Families

Holding on to Hope: Our Family’s DIPG Story

by Deb Fuller
September 15, 2016

At 12 years old, Hope dreamed big. She wanted to be the next Asian Taylor Swift, a doctor, a nurse, or maybe even a minster. She had a lifetime of plans to make a dreams to chase until she was diagnosed with DIPG, a pediatric brain tumor with no known cure. Her mom tells her story.

Hope smiles with her mother, Deb Fuller

There is a song that Garth Brooks sings that includes the lyrics, “Some of God’s greatest gifts are unanswered prayers.” That is exactly what Hope was to our family.

My husband and I had conceived our son with little difficulty. Sometime later when we decided we wanted a second child, we were unable to conceive. I prayed on a regular basis that this would be the month.

After many months of failed attempts involving infertility treatments, we turned to adoption. We both wanted another child and really couldn’t have cared less where he or she came from.

Again, after many months of waiting, our beautiful daughter came home to us on a cold January day in 1998. She was just shy of 7 months old and was the most beautiful little Asian princess we had ever seen. Although born 8 weeks premature, she had grown into a bouncing bundle of baby joy.

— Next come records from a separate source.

lemma commutator_scale_left:
  "finite (supp f) \<Longrightarrow> finite (supp g) \<Longrightarrow> commutator q (\<lambda>v. a * f v) g w = a * commutator q f g w"
  by (simp add: commutator_def star_scale_left star_scale_right algebra_simps)

lemma commutator_scale_right:
  "finite (supp f) \<Longrightarrow> finite (supp g) \<Longrightarrow> commutator q f (\<lambda>v. a * g v) w = a * commutator q f g w"
  by (simp add: commutator_def star_scale_left star_scale_right algebra_simps)

lemma commutator_zero_right [simp]: "commutator q f (\<lambda>v. 0) w = 0"
  by (simp add: commutator_def)

lemma commutator_jacobi:
  fixes q :: "'a::field"
  assumes q: "q \<noteq> 0"
    and fin: "finite (supp A)" "finite (supp B)" "finite (supp C)"
    and hom: "homogeneous A dA" "homogeneous B dB" "homogeneous C dC"
  shows "commutator q (commutator q A B) C w
    = commutator q (commutator q A C) B w + commutator q A (commutator q B C) w"
proof -
  note assoc = star_assoc[OF q]
  have ABC: "commutator q (commutator q A B) C w
      = star q A (star q B C) w - star q B (star q A C) w - (star q C (star q A B) w - star q C (star q B A) w)"
    unfolding commutator_def using fin
    by (simp add: star_diff_left star_diff_right assoc[OF _ _ _ hom(1,2)] assoc[OF _ _ _ hom(2,1)])
  have ACB: "commutator q (commutator q A C) B w
      = star q A (star q C B) w - star q C (star q A B) w - (star q B (star q A C) w - star q B (star q C A) w)"
    unfolding commutator_def using fin
    by (simp add: star_diff_left star_diff_right assoc[OF _ _ _ hom(1,3)] assoc[OF _ _ _ hom(3,1)])
  have A_BC: "commutator q A (commutator q B C) w
      = star q A (star q B C) w - star q A (star q C B) w - (star q B (star q C A) w - star q C (star q B A) w)"
    unfolding commutator_def using fin
    by (simp add: star_diff_left star_diff_right assoc[OF _ _ _ hom(2,3)] assoc[OF _ _ _ hom(3,2)])
  show ?thesis
    unfolding ABC ACB A_BC by (simp add: algebra_simps)
qed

INFOGRAPHIC: What You Should Know About Childhood Cancer >

And she never stopped giving us joy. Hope was an amazing child. She was smart and sassy and kind and empathetic and naughty and beautiful. She was a musician and an athlete. She was full of drama and love and had a smile that lit up the room.

Hope worshiped her brother and would defend him from any threat she perceived, be it mother or father, friend or foe. She wanted to be just like him. He played piano so she played piano. He took vocal lessons so she took vocal lessons. He was a runner so she became a runner.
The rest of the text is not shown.